--- START ---

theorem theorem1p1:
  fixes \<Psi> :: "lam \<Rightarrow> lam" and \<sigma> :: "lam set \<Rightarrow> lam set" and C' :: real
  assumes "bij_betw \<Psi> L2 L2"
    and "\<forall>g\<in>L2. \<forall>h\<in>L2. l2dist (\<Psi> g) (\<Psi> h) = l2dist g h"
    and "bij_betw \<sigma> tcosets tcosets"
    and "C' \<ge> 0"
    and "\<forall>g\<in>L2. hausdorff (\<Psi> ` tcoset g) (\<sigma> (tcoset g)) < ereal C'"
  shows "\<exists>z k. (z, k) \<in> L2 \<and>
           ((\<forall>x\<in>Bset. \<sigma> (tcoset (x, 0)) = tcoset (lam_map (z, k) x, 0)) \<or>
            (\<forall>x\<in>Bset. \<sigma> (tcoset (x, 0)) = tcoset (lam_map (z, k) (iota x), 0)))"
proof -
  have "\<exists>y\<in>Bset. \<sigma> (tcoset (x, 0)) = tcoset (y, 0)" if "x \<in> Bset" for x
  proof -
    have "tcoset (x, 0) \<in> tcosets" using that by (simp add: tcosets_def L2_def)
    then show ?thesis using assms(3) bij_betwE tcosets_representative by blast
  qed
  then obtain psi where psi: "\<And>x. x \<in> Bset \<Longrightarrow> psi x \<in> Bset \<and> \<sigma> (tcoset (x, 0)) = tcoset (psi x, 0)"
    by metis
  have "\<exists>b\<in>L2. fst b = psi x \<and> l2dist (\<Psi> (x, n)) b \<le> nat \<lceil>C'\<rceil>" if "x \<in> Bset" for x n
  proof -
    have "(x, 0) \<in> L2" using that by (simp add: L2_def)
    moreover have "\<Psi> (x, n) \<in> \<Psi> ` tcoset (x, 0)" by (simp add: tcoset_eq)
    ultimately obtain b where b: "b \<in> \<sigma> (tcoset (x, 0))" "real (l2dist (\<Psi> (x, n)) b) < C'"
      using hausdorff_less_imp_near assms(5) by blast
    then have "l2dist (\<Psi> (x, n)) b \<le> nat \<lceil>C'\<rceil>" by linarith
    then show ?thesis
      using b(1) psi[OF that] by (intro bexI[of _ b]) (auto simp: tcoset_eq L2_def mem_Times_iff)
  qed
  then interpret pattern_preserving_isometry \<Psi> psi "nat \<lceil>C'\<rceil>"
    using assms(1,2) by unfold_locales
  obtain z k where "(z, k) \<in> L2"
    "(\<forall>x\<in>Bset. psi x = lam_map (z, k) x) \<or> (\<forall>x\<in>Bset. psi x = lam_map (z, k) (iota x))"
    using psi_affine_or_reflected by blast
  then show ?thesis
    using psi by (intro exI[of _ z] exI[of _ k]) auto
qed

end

--- END ---
--- START ---

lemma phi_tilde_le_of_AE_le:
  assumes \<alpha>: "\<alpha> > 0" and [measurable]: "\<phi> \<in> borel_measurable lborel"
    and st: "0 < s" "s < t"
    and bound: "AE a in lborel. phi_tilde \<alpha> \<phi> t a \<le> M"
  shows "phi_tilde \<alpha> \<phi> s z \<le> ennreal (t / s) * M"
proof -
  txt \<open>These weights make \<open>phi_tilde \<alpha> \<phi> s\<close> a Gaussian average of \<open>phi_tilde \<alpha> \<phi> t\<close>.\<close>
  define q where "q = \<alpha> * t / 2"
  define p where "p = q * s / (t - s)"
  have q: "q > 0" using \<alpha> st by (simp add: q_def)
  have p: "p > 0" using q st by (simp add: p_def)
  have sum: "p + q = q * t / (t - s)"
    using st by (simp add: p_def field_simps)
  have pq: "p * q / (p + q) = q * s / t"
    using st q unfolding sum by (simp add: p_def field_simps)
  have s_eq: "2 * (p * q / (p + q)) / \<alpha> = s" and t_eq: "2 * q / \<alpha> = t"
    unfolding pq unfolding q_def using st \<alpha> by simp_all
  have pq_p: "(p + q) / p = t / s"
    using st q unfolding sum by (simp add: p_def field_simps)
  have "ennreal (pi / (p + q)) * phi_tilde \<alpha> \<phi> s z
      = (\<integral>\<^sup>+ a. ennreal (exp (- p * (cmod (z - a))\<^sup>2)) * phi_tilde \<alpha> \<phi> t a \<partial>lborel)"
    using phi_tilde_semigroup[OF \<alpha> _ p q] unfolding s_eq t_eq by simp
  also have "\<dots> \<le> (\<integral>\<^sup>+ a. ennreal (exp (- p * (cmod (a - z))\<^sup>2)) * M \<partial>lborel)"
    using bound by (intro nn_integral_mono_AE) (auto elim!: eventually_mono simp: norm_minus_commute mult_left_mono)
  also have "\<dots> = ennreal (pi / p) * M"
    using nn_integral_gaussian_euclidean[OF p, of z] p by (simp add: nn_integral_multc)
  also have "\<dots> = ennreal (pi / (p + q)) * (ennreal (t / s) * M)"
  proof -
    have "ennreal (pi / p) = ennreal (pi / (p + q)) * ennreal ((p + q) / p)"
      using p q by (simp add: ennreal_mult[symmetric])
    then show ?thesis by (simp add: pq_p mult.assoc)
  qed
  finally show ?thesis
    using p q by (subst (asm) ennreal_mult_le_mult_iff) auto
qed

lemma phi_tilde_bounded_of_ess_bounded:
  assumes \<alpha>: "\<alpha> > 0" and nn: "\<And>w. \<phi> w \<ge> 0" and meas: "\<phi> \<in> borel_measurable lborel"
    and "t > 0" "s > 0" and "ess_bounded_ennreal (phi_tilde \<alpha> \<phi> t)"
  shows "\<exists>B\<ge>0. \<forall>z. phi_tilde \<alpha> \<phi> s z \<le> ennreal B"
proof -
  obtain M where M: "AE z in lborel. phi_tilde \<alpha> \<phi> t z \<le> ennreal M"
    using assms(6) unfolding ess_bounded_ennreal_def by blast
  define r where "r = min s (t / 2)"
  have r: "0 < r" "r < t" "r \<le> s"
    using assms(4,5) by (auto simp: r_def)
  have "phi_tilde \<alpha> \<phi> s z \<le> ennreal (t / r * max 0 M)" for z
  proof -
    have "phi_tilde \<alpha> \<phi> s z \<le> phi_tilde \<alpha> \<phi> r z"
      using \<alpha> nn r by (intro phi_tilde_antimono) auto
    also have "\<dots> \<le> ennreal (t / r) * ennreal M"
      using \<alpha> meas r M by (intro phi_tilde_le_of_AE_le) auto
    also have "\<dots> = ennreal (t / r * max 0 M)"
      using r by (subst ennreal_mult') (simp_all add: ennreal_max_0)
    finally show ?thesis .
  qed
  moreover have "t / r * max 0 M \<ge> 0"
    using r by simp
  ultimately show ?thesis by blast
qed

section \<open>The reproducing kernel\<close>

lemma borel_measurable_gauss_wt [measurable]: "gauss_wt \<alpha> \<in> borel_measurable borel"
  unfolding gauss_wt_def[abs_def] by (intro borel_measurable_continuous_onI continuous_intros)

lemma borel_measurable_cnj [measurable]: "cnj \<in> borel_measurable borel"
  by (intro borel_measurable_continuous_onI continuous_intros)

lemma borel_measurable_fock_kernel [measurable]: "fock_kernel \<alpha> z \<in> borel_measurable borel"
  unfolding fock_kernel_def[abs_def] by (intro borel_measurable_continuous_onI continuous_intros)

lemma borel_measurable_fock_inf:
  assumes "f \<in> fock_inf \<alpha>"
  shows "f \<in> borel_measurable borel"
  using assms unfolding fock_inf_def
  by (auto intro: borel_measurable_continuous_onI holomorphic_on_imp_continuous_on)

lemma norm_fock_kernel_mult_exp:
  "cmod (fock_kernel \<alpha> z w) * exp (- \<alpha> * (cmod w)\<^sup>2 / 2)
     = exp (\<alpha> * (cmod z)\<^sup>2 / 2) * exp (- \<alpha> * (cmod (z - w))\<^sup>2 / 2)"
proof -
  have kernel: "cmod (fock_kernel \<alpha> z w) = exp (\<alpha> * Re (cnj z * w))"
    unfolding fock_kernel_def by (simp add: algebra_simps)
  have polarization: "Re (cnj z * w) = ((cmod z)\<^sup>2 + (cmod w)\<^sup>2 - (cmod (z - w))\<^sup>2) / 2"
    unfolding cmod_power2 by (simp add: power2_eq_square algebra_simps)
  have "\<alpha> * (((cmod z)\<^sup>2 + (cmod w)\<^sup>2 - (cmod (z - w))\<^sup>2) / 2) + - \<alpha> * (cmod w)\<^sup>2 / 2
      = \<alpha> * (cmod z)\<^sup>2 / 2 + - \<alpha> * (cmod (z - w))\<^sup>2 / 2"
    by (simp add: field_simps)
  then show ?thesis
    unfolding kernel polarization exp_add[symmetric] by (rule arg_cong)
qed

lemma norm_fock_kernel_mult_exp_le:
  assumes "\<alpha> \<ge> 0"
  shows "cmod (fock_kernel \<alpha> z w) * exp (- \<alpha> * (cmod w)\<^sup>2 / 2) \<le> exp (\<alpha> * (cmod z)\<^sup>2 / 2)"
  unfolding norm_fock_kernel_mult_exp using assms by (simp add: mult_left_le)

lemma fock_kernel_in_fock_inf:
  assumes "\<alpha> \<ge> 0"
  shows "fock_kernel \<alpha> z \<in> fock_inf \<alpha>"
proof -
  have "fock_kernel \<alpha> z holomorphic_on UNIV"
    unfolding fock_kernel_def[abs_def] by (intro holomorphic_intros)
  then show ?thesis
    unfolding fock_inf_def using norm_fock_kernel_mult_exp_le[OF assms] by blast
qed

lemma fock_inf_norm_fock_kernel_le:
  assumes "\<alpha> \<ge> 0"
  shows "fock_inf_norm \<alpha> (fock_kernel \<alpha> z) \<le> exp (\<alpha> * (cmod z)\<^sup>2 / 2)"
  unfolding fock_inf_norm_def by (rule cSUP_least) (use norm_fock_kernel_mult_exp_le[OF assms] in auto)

--- END ---
--- START ---

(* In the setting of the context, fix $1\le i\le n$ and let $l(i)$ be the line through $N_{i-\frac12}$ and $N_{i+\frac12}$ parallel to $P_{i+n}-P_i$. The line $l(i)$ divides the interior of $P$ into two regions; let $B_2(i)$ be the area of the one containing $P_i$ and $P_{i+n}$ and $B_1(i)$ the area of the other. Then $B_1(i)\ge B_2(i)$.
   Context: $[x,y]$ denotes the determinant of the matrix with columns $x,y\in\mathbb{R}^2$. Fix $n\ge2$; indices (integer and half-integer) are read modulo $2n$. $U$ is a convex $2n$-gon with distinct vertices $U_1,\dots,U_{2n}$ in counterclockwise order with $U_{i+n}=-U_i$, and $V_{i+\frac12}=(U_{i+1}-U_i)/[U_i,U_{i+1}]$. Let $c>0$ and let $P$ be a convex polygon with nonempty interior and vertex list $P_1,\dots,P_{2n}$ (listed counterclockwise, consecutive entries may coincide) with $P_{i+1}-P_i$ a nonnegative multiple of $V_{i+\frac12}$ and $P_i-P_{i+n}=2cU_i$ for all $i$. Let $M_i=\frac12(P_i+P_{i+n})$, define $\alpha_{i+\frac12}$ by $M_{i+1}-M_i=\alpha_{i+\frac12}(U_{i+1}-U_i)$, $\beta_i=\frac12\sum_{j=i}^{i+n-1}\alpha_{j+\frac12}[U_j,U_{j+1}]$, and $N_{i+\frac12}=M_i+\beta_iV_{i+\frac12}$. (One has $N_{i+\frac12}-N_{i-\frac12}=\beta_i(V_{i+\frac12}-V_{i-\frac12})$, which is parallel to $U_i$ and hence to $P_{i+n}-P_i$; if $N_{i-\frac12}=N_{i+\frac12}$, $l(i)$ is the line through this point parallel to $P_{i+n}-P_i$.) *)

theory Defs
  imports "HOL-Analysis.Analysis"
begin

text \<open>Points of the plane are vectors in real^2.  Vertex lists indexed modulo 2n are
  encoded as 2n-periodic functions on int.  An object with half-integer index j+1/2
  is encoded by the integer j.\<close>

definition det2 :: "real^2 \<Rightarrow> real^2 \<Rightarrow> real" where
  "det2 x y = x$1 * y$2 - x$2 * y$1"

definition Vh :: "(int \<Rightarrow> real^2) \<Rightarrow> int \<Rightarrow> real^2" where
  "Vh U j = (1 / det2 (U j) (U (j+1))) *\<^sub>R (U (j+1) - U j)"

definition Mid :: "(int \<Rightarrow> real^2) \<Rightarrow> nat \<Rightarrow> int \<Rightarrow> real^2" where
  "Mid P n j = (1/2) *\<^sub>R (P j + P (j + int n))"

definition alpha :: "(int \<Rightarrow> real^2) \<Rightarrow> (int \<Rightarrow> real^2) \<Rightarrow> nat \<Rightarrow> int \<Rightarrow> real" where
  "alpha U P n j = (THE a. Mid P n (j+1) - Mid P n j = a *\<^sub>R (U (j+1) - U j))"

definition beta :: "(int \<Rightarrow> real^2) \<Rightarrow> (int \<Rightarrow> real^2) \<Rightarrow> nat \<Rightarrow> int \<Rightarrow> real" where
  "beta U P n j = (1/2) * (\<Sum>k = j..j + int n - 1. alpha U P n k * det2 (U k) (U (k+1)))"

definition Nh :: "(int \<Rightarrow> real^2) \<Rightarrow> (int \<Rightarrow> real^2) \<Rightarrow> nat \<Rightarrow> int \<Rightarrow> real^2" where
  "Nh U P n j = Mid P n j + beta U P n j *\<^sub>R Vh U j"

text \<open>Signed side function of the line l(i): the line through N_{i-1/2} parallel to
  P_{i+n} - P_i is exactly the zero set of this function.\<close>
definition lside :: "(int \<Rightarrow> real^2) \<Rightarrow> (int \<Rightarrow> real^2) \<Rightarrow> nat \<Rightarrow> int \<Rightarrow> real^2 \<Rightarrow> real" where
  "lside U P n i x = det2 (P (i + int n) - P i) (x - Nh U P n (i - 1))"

--- END ---

**YOUR INSTRUCTIONS:** In the listing above, find every line with the word "rule" and copy it out.

**PROBLEM SOLUTION:**
    unfolding kernel polarization exp_add[symmetric] by (rule arg_cong)
  unfolding fock_inf_norm_def by (rule cSUP_least) (use norm_fock_kernel_mult_exp_le[OF assms] in auto)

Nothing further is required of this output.